## What this task involves:
Retype the records exactly, with nothing added or dropped.

(Dataset excerpts)
(* In the setting below, the subgroup $H_M$ contains the commutator subgroup $[G_M,G_M]$, and the quotient $H_M/[G_M,G_M]$ is finite.
   Context: Let $n\ge 1$ and let $M=(m_{ij})\in SL(2n+1,\mathbb Z)$. Assume that $M$ has exactly one real eigenvalue $\alpha$, that $\alpha>0$, $\alpha\neq 1$, that $\alpha$ is a simple eigenvalue, and that the remaining eigenvalues are $\beta_1,\dots,\beta_k,\bar\beta_1,\dots,\bar\beta_k$ with $\mathrm{Im}\,\beta_j>0$. Let $W\subset\mathbb C^{2n+1}$ be the direct sum of the generalized eigenspaces of $M$ for $\beta_1,\dots,\beta_k$ (so $\dim_{\mathbb C}W=n$). Fix a real eigenvector $a=(a^{(1)},\dots,a^{(2n+1)})^\top\in\mathbb R^{2n+1}$ of $M$ for $\alpha$ and a basis $b_1,\dots,b_n$ of $W$, $b_j=(b_j^{(1)},\dots,b_j^{(2n+1)})^\top$, and let $R=(r_{\ell j})\in M_n(\mathbb C)$ be given by $Mb_j=\sum_{\ell=1}^n r_{\ell j}b_\ell$. For $i=1,\dots,2n+1$ put $u_i=(a^{(i)},b_1^{(i)},\dots,b_n^{(i)})^\top\in\mathbb R\times\mathbb C^n$. Let $\mathbb H=\{w\in\mathbb C:\mathrm{Im}\,w>0\}$, and define holomorphic automorphisms of $\mathbb H\times\mathbb C^n$ by $g_0(w,z)=(\alpha w,R^\top z)$ and $g_i(w,z)=(w,z)+u_i$ for $1\le i\le 2n+1$. Let $G_M$ be the group generated by $g_0,\dots,g_{2n+1}$ and $H_M$ the subgroup generated by $g_1,\dots,g_{2n+1}$. *)

theory Defs
  imports "Jordan_Normal_Form.Char_Poly" "HOL-Algebra.Generated_Groups" "HOL-Algebra.Bij"
    "HOL-Algebra.Coset"
begin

## Answer box:
(* In the setting below, the subgroup $H_M$ contains the commutator subgroup $[G_M,G_M]$, and the quotient $H_M/[G_M,G_M]$ is finite.
   Context: Let $n\ge 1$ and let $M=(m_{ij})\in SL(2n+1,\mathbb Z)$. Assume that $M$ has exactly one real eigenvalue $\alpha$, that $\alpha>0$, $\alpha\neq 1$, that $\alpha$ is a simple eigenvalue, and that the remaining eigenvalues are $\beta_1,\dots,\beta_k,\bar\beta_1,\dots,\bar\beta_k$ with $\mathrm{Im}\,\beta_j>0$. Let $W\subset\mathbb C^{2n+1}$ be the direct sum of the generalized eigenspaces of $M$ for $\beta_1,\dots,\beta_k$ (so $\dim_{\mathbb C}W=n$). Fix a real eigenvector $a=(a^{(1)},\dots,a^{(2n+1)})^\top\in\mathbb R^{2n+1}$ of $M$ for $\alpha$ and a basis $b_1,\dots,b_n$ of $W$, $b_j=(b_j^{(1)},\dots,b_j^{(2n+1)})^\top$, and let $R=(r_{\ell j})\in M_n(\mathbb C)$ be given by $Mb_j=\sum_{\ell=1}^n r_{\ell j}b_\ell$. For $i=1,\dots,2n+1$ put $u_i=(a^{(i)},b_1^{(i)},\dots,b_n^{(i)})^\top\in\mathbb R\times\mathbb C^n$. Let $\mathbb H=\{w\in\mathbb C:\mathrm{Im}\,w>0\}$, and define holomorphic automorphisms of $\mathbb H\times\mathbb C^n$ by $g_0(w,z)=(\alpha w,R^\top z)$ and $g_i(w,z)=(w,z)+u_i$ for $1\le i\le 2n+1$. Let $G_M$ be the group generated by $g_0,\dots,g_{2n+1}$ and $H_M$ the subgroup generated by $g_1,\dots,g_{2n+1}$. *)

theory Defs
  imports "Jordan_Normal_Form.Char_Poly" "HOL-Algebra.Generated_Groups" "HOL-Algebra.Bij"
    "HOL-Algebra.Coset"
begin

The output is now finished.